Focus on Mental Health and Post-Acute Placements
The Senate budget puts forward significant changes to how care is delivered for patients living with a mental illness. WSHA is supportive of this new direction that attempts to address some of the underlying problems with the system. The budget decreases state hospital beds, moves patients to community hospitals and invests in post-acute discharge facilities.
We will be working to ensure these changes make effective investments in the system to ensure care can be delivered in the most appropriate settings. In summary, the budget makes investments in the following areas:
- Medicaid billing for integrated mental health in primary care
- 90/180 day commitments in community hospitals
- Psychiatric rate increase
- Other mental health investments
- Post-acute setting rate increase
Other changes include funding changes made to Western and Eastern State Hospitals.
Making improvements for patients in the mental health system, both in hospitals and the community health setting, has been a high priority for WSHA and our members, and we are very pleased to see funding and needed reforms.
Other Key Health Care Spending
Health care is a big part of the state’s budget, and there are several other health care items we are tracking.
- Opioids – the proposed budget acknowledges about $24 million dollars the state is likely to receive as part of two federal grants to expand access to treatment and prevent opioid overdose deaths. This will go a long way in addressing the opioid crisis in Washington. Unfortunately, the UW pain management call center is not funded.

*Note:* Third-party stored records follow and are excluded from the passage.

lemma block_cut_cost_ge:
  fixes p q m R h x y :: real
  assumes q: "0 \<le> q" "q < p" and R: "q * m = p * R" and hR: "2 * (h + R) \<le> m"
    and x: "m \<le> 2 * x" "x \<le> m" and y: "0 \<le> y" "y \<le> m"
    and co: "h + R \<le> 2 * m - x - y" and near: "h \<le> m - x + y"
  shows "p * ((m - h) * (h + R)) \<le> block_cut_cost p q m x y"
proof -
  define u where "u = m - x"
  define g where "g s = p * ((m - s) * (s + R))" for s
  have p: "0 < p" using q by linarith
  have u: "0 \<le> u" "2 * u \<le> m" using x by (auto simp: u_def)
  have "0 \<le> q * m" using q u by simp
  hence "0 \<le> p * R" using R by simp
  hence R0: "0 \<le> R" using p by (simp add: zero_le_mult_iff)
  have g_ge: "g h \<le> g s" if "h \<le> s" "s \<le> m - R - h" for s
    using quadratic_ge_on_symmetric_interval[OF that] p by (simp add: g_def)
  have via_V1: "block_cut_cost p q m x t = g (u + t) + 2 * (p + q) * u * t" for t
    using R unfolding block_cut_cost_def g_def u_def by algebra
  have via_V: "block_cut_cost p q m x t = g (t - u) + 2 * (p - q) * u * (m - t)" for t
    using R unfolding block_cut_cost_def g_def u_def by algebra
  (* For fixed x the cost is concave in y, so only the two ends y0, y1 of the admissible range
     matter; there via_V1 resp. via_V writes it as g at a point of [h, m - R - h] plus a
     nonnegative term. *)
  define y0 where "y0 = max 0 (h - u)"
  define y1 where "y1 = min m (m - h - R + u)"
  have "g h \<le> block_cut_cost p q m x y0"
  proof (cases "u \<le> h")
    case True
    then show ?thesis using via_V1[of y0] u q by (simp add: y0_def)
  next
    case False
    then show ?thesis using via_V1[of y0] u hR g_ge[of u] by (simp add: y0_def)
  qed
  moreover have "g h \<le> block_cut_cost p q m x y1"
  proof (cases "u \<le> h + R")
    case True
    then have "y1 - u = m - h - R" "m - y1 = h + R - u" by (simp_all add: y1_def)
    moreover have "g h \<le> g (m - h - R)" using hR R0 by (intro g_ge) auto
    moreover have "0 \<le> 2 * (p - q) * u * (h + R - u)" using True u q by simp
    ultimately show ?thesis using via_V[of y1] by (metis add_increasing2)
  next
    case False
    then show ?thesis using via_V[of y1] u hR R0 g_ge[of "m - u"] by (simp add: y1_def)
  qed
  moreover have "y0 \<le> y" "y \<le> y1"
    using y co near by (auto simp: y0_def y1_def u_def)
  ultimately have "g h \<le> (p * x * (m - x) + q * x * m) + (p * m + q * m - 2 * q * x) * y - p * y^2"
    using p by (intro concave_quadratic_ge_endpoints[of p y0 y y1])
      (auto simp: block_cut_cost_def algebra_simps power2_eq_square)
  then show ?thesis by (simp add: g_def block_cut_cost_def algebra_simps power2_eq_square)
qed

lemma block_cut_cost_mono:
  fixes p q m u v u' v' :: real
  assumes "0 \<le> q" "q < p" "0 \<le> u'" "u' \<le> u" "0 \<le> v'" "v' \<le> v" "2 * u \<le> m" "2 * v \<le> m"
  shows "block_cut_cost p q m (m - u') (m - v') \<le> block_cut_cost p q m (m - u) (m - v)"
proof -
  have "block_cut_cost p q m (m - u) (m - v) - block_cut_cost p q m (m - u') (m - v') =
      (u - u') * (p * (m - u - u') + q * (m - 2 * v)) + (v - v') * (p * (m - v - v') + q * (m - 2 * u'))"
    unfolding block_cut_cost_def by (simp add: algebra_simps)
  moreover have "0 \<le> (u - u') * (p * (m - u - u') + q * (m - 2 * v))"
    using assms by (intro mult_nonneg_nonneg add_nonneg_nonneg) auto
  moreover have "0 \<le> (v - v') * (p * (m - v - v') + q * (m - 2 * u'))"
    using assms by (intro mult_nonneg_nonneg add_nonneg_nonneg) auto
  ultimately show ?thesis by linarith
qed

lemma block_cut_cost_mono_within_block:
  fixes p q m R t u y :: real
  assumes "0 \<le> q" "q < p" and R: "q * m = p * R"
    and "0 \<le> t" "t \<le> u" "0 \<le> y" "u + y + t \<le> m - R"
  shows "block_cut_cost p q m (m - t) 0 \<le> block_cut_cost p q m (m - u) y"
proof -
  have "block_cut_cost p q m (m - u) y - block_cut_cost p q m (m - t) 0 =
      (u + y - t) * (p * (m - R - (u + y + t))) + 2 * (p + q) * u * y"
    using R unfolding block_cut_cost_def by algebra
  moreover have "0 \<le> (u + y - t) * (p * (m - R - (u + y + t)))"
    using assms by (intro mult_nonneg_nonneg) auto
  moreover have "0 \<le> 2 * (p + q) * u * y"
    using assms by simp
  ultimately show ?thesis by linarith
qed

lemma card_Diff_eq:
  assumes "finite B"
  shows "real (card (B - A)) = real (card B) - real (card (A \<inter> B))"
  using card_Int_Diff[OF assms, of A] by (simp add: Int_commute)

lemma card_le_card_Int3_plus_Diffs:
  assumes "finite X"
  shows "card X \<le> card (X \<inter> A \<inter> B \<inter> C) + card (X - A) + card (X - B) + card (X - C)"
proof -
  have "X = (X \<inter> A \<inter> B \<inter> C) \<union> (X - A) \<union> (X - B) \<union> (X - C)" by blast
  then have "card X \<le> card ((X \<inter> A \<inter> B \<inter> C) \<union> (X - A) \<union> (X - B)) + card (X - C)"
    by (metis card_Un_le)
  also have "\<dots> \<le> card ((X \<inter> A \<inter> B \<inter> C) \<union> (X - A)) + card (X - B) + card (X - C)"
    using card_Un_le by simp
  also have "\<dots> \<le> card (X \<inter> A \<inter> B \<inter> C) + card (X - A) + card (X - B) + card (X - C)"
    using card_Un_le by simp
  finally show ?thesis .
qed

lemma orientation_eq_if_subset:
  assumes "is_orientation V S Or" "is_orientation V S Or'" "Or \<subseteq> Or'"
  shows "Or = Or'"
  using assms unfolding is_orientation_def by blast

lemma tangle_mem_if_card_Diff_less:
  assumes "is_tangle V S a Or" "A \<in> S" "card (V - A) < a"
  shows "A \<in> Or"
proof (rule ccontr)
  assume "A \<notin> Or"
  with assms have "V - A \<in> Or" unfolding is_tangle_def is_orientation_def by blast
  with assms have "a \<le> card ((V - A) \<inter> (V - A) \<inter> (V - A))" unfolding is_tangle_def by blast
  with assms show False by simp
qed

lemma tangle_memI:
  assumes "is_tangle V S a Or" "A \<in> S" "B \<in> Or" "C \<in> Or" "card ((V - A) \<inter> B \<inter> C) < a"
  shows "A \<in> Or"
proof (rule ccontr)
  assume "A \<notin> Or"
  with assms have "V - A \<in> Or" unfolding is_tangle_def is_orientation_def by blast
  with assms have "a \<le> card ((V - A) \<inter> B \<inter> C)" unfolding is_tangle_def by blast
  with assms show False by simp
qed

lemma sbm_weight_swap: "sbm_weight V2 V1 p q = sbm_weight V1 V2 p q"
  by (auto simp: sbm_weight_def fun_eq_iff)

lemma sum_sbm_weight_V1:
  assumes "finite V1" "finite V2" "V1 \<inter> V2 = {}" "u \<in> A \<inter> V1"
  shows "(\<Sum>v\<in>(V1 \<union> V2) - A. sbm_weight V1 V2 p q u v) = p * card (V1 - A) + q * card (V2 - A)"
proof -
  have "(V1 \<union> V2) - A = (V1 - A) \<union> (V2 - A)" by blast
  then have "(\<Sum>v\<in>(V1 \<union> V2) - A. sbm_weight V1 V2 p q u v) =
      (\<Sum>v\<in>V1 - A. sbm_weight V1 V2 p q u v) + (\<Sum>v\<in>V2 - A. sbm_weight V1 V2 p q u v)"
    using assms by (simp only:) (intro sum.union_disjoint, auto)
  also have "\<dots> = (\<Sum>v\<in>V1 - A. p) + (\<Sum>v\<in>V2 - A. q)"
    using assms by (intro arg_cong2[where f = "(+)"] sum.cong) (auto simp: sbm_weight_def)
  finally show ?thesis by simp
qed

lemma cut_cost_sbm_weight:
  assumes fin: "finite V1" "finite V2" and disj: "V1 \<inter> V2 = {}"
    and card: "card V1 = m" "card V2 = m" and A: "A \<subseteq> V1 \<union> V2"
  shows "cut_cost (V1 \<union> V2) (sbm_weight V1 V2 p q) A =
    block_cut_cost p q m (card (A \<inter> V1)) (card (A \<inter> V2))"
proof -
  let ?w = "sbm_weight V1 V2 p q"
  have A_split: "A = (A \<inter> V1) \<union> (A \<inter> V2)" using A by blast
  have "cut_cost (V1 \<union> V2) ?w A =
      (\<Sum>u\<in>A \<inter> V1. \<Sum>v\<in>(V1 \<union> V2) - A. ?w u v)
      + (\<Sum>u\<in>A \<inter> V2. \<Sum>v\<in>(V1 \<union> V2) - A. ?w u v)"
    unfolding cut_cost_def using fin disj by (subst A_split, intro sum.union_disjoint) auto
  also have "\<dots> = (\<Sum>u\<in>A \<inter> V1. p * card (V1 - A) + q * card (V2 - A))
      + (\<Sum>u\<in>A \<inter> V2. p * card (V2 - A) + q * card (V1 - A))"
  proof (intro arg_cong2[where f = "(+)"] sum.cong refl)
    fix u assume "u \<in> A \<inter> V1"
    then show "(\<Sum>v\<in>(V1 \<union> V2) - A. ?w u v) = p * card (V1 - A) + q * card (V2 - A)"
      by (rule sum_sbm_weight_V1[OF fin disj])
  next
    fix u assume "u \<in> A \<inter> V2"
    then have "(\<Sum>v\<in>(V2 \<union> V1) - A. sbm_weight V2 V1 p q u v) = p * card (V2 - A) + q * card (V1 - A)"
      using disj by (intro sum_sbm_weight_V1[OF fin(2,1)]) auto
    then show "(\<Sum>v\<in>(V1 \<union> V2) - A. ?w u v) = p * card (V2 - A) + q * card (V1 - A)"
      by (simp only: sbm_weight_swap Un_commute)
  qed
  finally show ?thesis
    using card_Diff_eq[OF fin(1), of A] card_Diff_eq[OF fin(2), of A] card
    by (simp add: block_cut_cost_def algebra_simps)
qed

- Increased hepatitis C funding
- High risk pool funded
- Health homes for patients who are dual-eligible for Medicare and Medicaid
- Increased newborn screening fee in order to add a new screen to the panel. Approximately $500,000 which would be paid by hospitals.
Other Budget Factors
As compared to December’s budget outlook, the budget that the Senate developed is different in some key ways….

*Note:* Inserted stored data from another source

(* The relation $\le^{\oplus}$ on $\mathrm{Eq}$ is antisymmetric and transitive; consequently $<^{\oplus}$ (defined by $C_1<^{\oplus}C_2$ iff $C_1\le^{\oplus}C_2$ and $C_1\neq C_2$) is a strict partial order on $\mathrm{Eq}$.
   Context: $G=G[Q]$ is the query graph of a Boolean CQ without self-joins whose atoms are $R(u,v)$ with first attribute the key: vertices are variables, and each atom gives an edge $e_R=(u_R,v_R)$, consistent or inconsistent according to the type of $R$; $E^i$ is the set of inconsistent edges. $x\to y$ means there is a directed path (possibly with zero edges) from $x$ to $y$ all of whose edges are consistent; $u^{\oplus}=\{v: u\to v\}$; $u^+$ is the set of vertices reachable from $u$ by any directed path. For $R,S\in E^i$, $R\sim S$ iff $u_S\in u_R^+$ and $u_R\in u_S^+$. $\mathrm{Eq}$ is the set of $\sim$-equivalence classes of $E^i$. For $C\in\mathrm{Eq}$, $C^{\oplus}=\bigcap_{R\in C}u_R^{\oplus}$. For $C_1,C_2\in\mathrm{Eq}$, $C_1\le^{\oplus}C_2$ iff there exists $S\in C_2$ with $u_S\in C_1^{\oplus}$. *)

theory Defs
  imports Main
begin

text \<open>A query graph of a self-join-free Boolean CQ whose atoms are binary
  R(u,v) with the first attribute as key.  Atoms are elements of the set
  atoms; key R = u_R, val R = v_R; incons R holds iff R is of inconsistent type
  (so e_R is an inconsistent edge).  Since the query has no self-joins, atoms
  and edges are in bijection, and we identify them.\<close>

definition all_edges :: "'r set \<Rightarrow> ('r \<Rightarrow> 'v) \<Rightarrow> ('r \<Rightarrow> 'v) \<Rightarrow> ('v \<times> 'v) set" where
  "all_edges atoms key val = {(key R, val R) | R. R \<in> atoms}"

definition cons_edges :: "'r set \<Rightarrow> ('r \<Rightarrow> 'v) \<Rightarrow> ('r \<Rightarrow> 'v) \<Rightarrow> ('r \<Rightarrow> bool) \<Rightarrow> ('v \<times> 'v) set" where
  "cons_edges atoms key val incons = {(key R, val R) | R. R \<in> atoms \<and> \<not> incons R}"

definition Ei :: "'r set \<Rightarrow> ('r \<Rightarrow> bool) \<Rightarrow> 'r set" where
  "Ei atoms incons = {R \<in> atoms. incons R}"

definition oplus :: "'r set \<Rightarrow> ('r \<Rightarrow> 'v) \<Rightarrow> ('r \<Rightarrow> 'v) \<Rightarrow> ('r \<Rightarrow> bool) \<Rightarrow> 'v \<Rightarrow> 'v set" where
  "oplus atoms key val incons u = {w. (u, w) \<in> (cons_edges atoms key val incons)\<^sup>*}"

definition reach :: "'r set \<Rightarrow> ('r \<Rightarrow> 'v) \<Rightarrow> ('r \<Rightarrow> 'v) \<Rightarrow> 'v \<Rightarrow> 'v set" where
  "reach atoms key val u = {w. (u, w) \<in> (all_edges atoms key val)\<^sup>*}"

definition sim :: "'r set \<Rightarrow> ('r \<Rightarrow> 'v) \<Rightarrow> ('r \<Rightarrow> 'v) \<Rightarrow> ('r \<Rightarrow> bool) \<Rightarrow> ('r \<times> 'r) set" where
  "sim atoms key val incons =
     {(R, S). R \<in> Ei atoms incons \<and> S \<in> Ei atoms incons \<and>
              key S \<in> reach atoms key val (key R) \<and> key R \<in> reach atoms key val (key S)}"

definition Eq :: "'r set \<Rightarrow> ('r \<Rightarrow> 'v) \<Rightarrow> ('r \<Rightarrow> 'v) \<Rightarrow> ('r \<Rightarrow> bool) \<Rightarrow> 'r set set" where
  "Eq atoms key val incons = Ei atoms incons // sim atoms key val incons"

definition class_oplus :: "'r set \<Rightarrow> ('r \<Rightarrow> 'v) \<Rightarrow> ('r \<Rightarrow> 'v) \<Rightarrow> ('r \<Rightarrow> bool) \<Rightarrow> 'r set \<Rightarrow> 'v set" where
  "class_oplus atoms key val incons C = (\<Inter>R\<in>C. oplus atoms key val incons (key R))"

definition le_oplus :: "'r set \<Rightarrow> ('r \<Rightarrow> 'v) \<Rightarrow> ('r \<Rightarrow> 'v) \<Rightarrow> ('r \<Rightarrow> bool) \<Rightarrow> ('r set \<times> 'r set) set" where
  "le_oplus atoms key val incons =
     {(C1, C2). C1 \<in> Eq atoms key val incons \<and> C2 \<in> Eq atoms key val incons \<and>
                (\<exists>S\<in>C2. key S \<in> class_oplus atoms key val incons C1)}"

definition less_oplus :: "'r set \<Rightarrow> ('r \<Rightarrow> 'v) \<Rightarrow> ('r \<Rightarrow> 'v) \<Rightarrow> ('r \<Rightarrow> bool) \<Rightarrow> ('r set \<times> 'r set) set" where
  "less_oplus atoms key val incons =
     {(C1, C2). (C1, C2) \<in> le_oplus atoms key val incons \<and> C1 \<noteq> C2}"

end

theory Submission
  imports Defs
begin

text \<open>Antisymmetry: if each of two classes has a key reachable along consistent paths from
  every key of the other, two such keys reach each other in the query graph, so they are
  \<open>\<sim>\<close>-related and the classes coincide.  Transitivity: consistent paths compose, so if every
  key of \<open>C\<^sub>1\<close> reaches the key of \<open>S \<in> C\<^sub>2\<close> and every key of \<open>C\<^sub>2\<close> reaches the key of
  \<open>U \<in> C\<^sub>3\<close>, then every key of \<open>C\<^sub>1\<close> reaches the key of \<open>U\<close> through that of \<open>S\<close>.\<close>

lemma equiv_sim: "equiv (Ei atoms incons) (sim atoms key val incons)"
  unfolding equiv_def refl_on_def sym_def trans_def sim_def reach_def
  by (auto intro: rtrancl_trans)

lemma Eq_subset_Ei: "C \<in> Eq atoms key val incons \<Longrightarrow> C \<subseteq> Ei atoms incons"
  unfolding Eq_def using in_quotient_imp_subset[OF equiv_sim] .

lemma oplus_subset_reach: "oplus atoms key val incons u \<subseteq> reach atoms key val u"
proof -
  have "cons_edges atoms key val incons \<subseteq> all_edges atoms key val"
    unfolding cons_edges_def all_edges_def by blast
  then show ?thesis
    unfolding oplus_def reach_def using rtrancl_mono by blast
qed

lemma oplus_trans:
  "v \<in> oplus atoms key val incons u \<Longrightarrow> w \<in> oplus atoms key val incons v
    \<Longrightarrow> w \<in> oplus atoms key val incons u"
  unfolding oplus_def by auto

lemma sim_if_oplus_mutual:
  assumes "S \<in> Ei atoms incons" "T \<in> Ei atoms incons"
    and "key S \<in> oplus atoms key val incons (key T)"
    and "key T \<in> oplus atoms key val incons (key S)"
  shows "(T, S) \<in> sim atoms key val incons"
  using assms oplus_subset_reach[of atoms key val incons] unfolding sim_def by auto

lemma antisym_le_oplus: "antisym (le_oplus atoms key val incons)"
proof (rule antisymI)
  fix C1 C2
  assume "(C1, C2) \<in> le_oplus atoms key val incons" "(C2, C1) \<in> le_oplus atoms key val incons"
  then obtain S T where S: "S \<in> C2" "key S \<in> class_oplus atoms key val incons C1"
    and T: "T \<in> C1" "key T \<in> class_oplus atoms key val incons C2"
    and C1: "C1 \<in> Eq atoms key val incons" and C2: "C2 \<in> Eq atoms key val incons"
    unfolding le_oplus_def by blast
  have "(T, S) \<in> sim atoms key val incons"
  proof (rule sim_if_oplus_mutual)
    show "S \<in> Ei atoms incons" "T \<in> Ei atoms incons"
      using S T Eq_subset_Ei[OF C1] Eq_subset_Ei[OF C2] by blast+
    show "key S \<in> oplus atoms key val incons (key T)"
      "key T \<in> oplus atoms key val incons (key S)"
      using S T unfolding class_oplus_def by blast+
  qed
  then show "C1 = C2"
    using quotient_eq_iff[OF equiv_sim C1[unfolded Eq_def] C2[unfolded Eq_def] T(1) S(1)] by simp
qed

lemma trans_le_oplus: "trans (le_oplus atoms key val incons)"
proof (rule transI)
  fix C1 C2 C3
  assume "(C1, C2) \<in> le_oplus atoms key val incons" "(C2, C3) \<in> le_oplus atoms key val incons"
  then obtain S U where S: "S \<in> C2" "key S \<in> class_oplus atoms key val incons C1"
    and U: "U \<in> C3" "key U \<in> class_oplus atoms key val incons C2"
    and "C1 \<in> Eq atoms key val incons" "C3 \<in> Eq atoms key val incons"
    unfolding le_oplus_def by blast
  moreover have "key U \<in> class_oplus atoms key val incons C1"
    using S U unfolding class_oplus_def by (blast intro: oplus_trans)
  ultimately show "(C1, C3) \<in> le_oplus atoms key val incons"
    unfolding le_oplus_def by blast
qed

lemma less_oplus_eq_le_oplus_diff_Id:
  "less_oplus atoms key val incons = le_oplus atoms key val incons - Id"
  unfolding less_oplus_def by blast

theorem proposition5p2:
  fixes atoms :: "'r set" and key val :: "'r \<Rightarrow> 'v" and incons :: "'r \<Rightarrow> bool"
  assumes "finite atoms"
  shows "antisym (le_oplus atoms key val incons)
       \<and> trans (le_oplus atoms key val incons)
       \<and> irrefl_on (Eq atoms key val incons) (less_oplus atoms key val incons)
       \<and> trans (less_oplus atoms key val incons)"
proof (intro conjI)
  show "irrefl_on (Eq atoms key val incons) (less_oplus atoms key val incons)"
    unfolding irrefl_on_def less_oplus_eq_le_oplus_diff_Id by blast
  show "trans (less_oplus atoms key val incons)"
    unfolding less_oplus_eq_le_oplus_diff_Id
    using trans_diff_Id[OF trans_le_oplus antisym_le_oplus] .
qed (rule antisym_le_oplus, rule trans_le_oplus)

end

- The Senate budget does not include funding for the collective bargaining agreements. All employees are budgeted to get small raises, and some will get larger raises, but for the most part, the agreements, which included cost-of-living raises, were unfunded.
- Marijuana revenue is estimated to be $135M.
- A new statewide property tax will help pay for education. According to the Olympian, “Overall, the Senate plan would add about $1.8 billion to the state’s K-12 school system over the next two years.”
- The Senate budget assumes $32 million in state savings through use of single drug formulary and pharmacy benefits manager for state Medicaid and Medicaid managed care. Currently the managed care plans provide their own formularies and management of drug services.
- The Senate budget also assumes $5.8 million savings by contracting Medicaid dental services through managed care.
We expect that the Senate will hold budget hearings today, handle amendments tomorrow and likely pass the bill this week. The expectation in Olympia is that the House will release its budget next week and follow a similar pace. Development of a common budget is likely to take some time. The next revenue forecast is scheduled for June 15, but that may be moved sooner so that new revenue numbers can be used to determine and pass the budget before the fiscal year begins on July 1.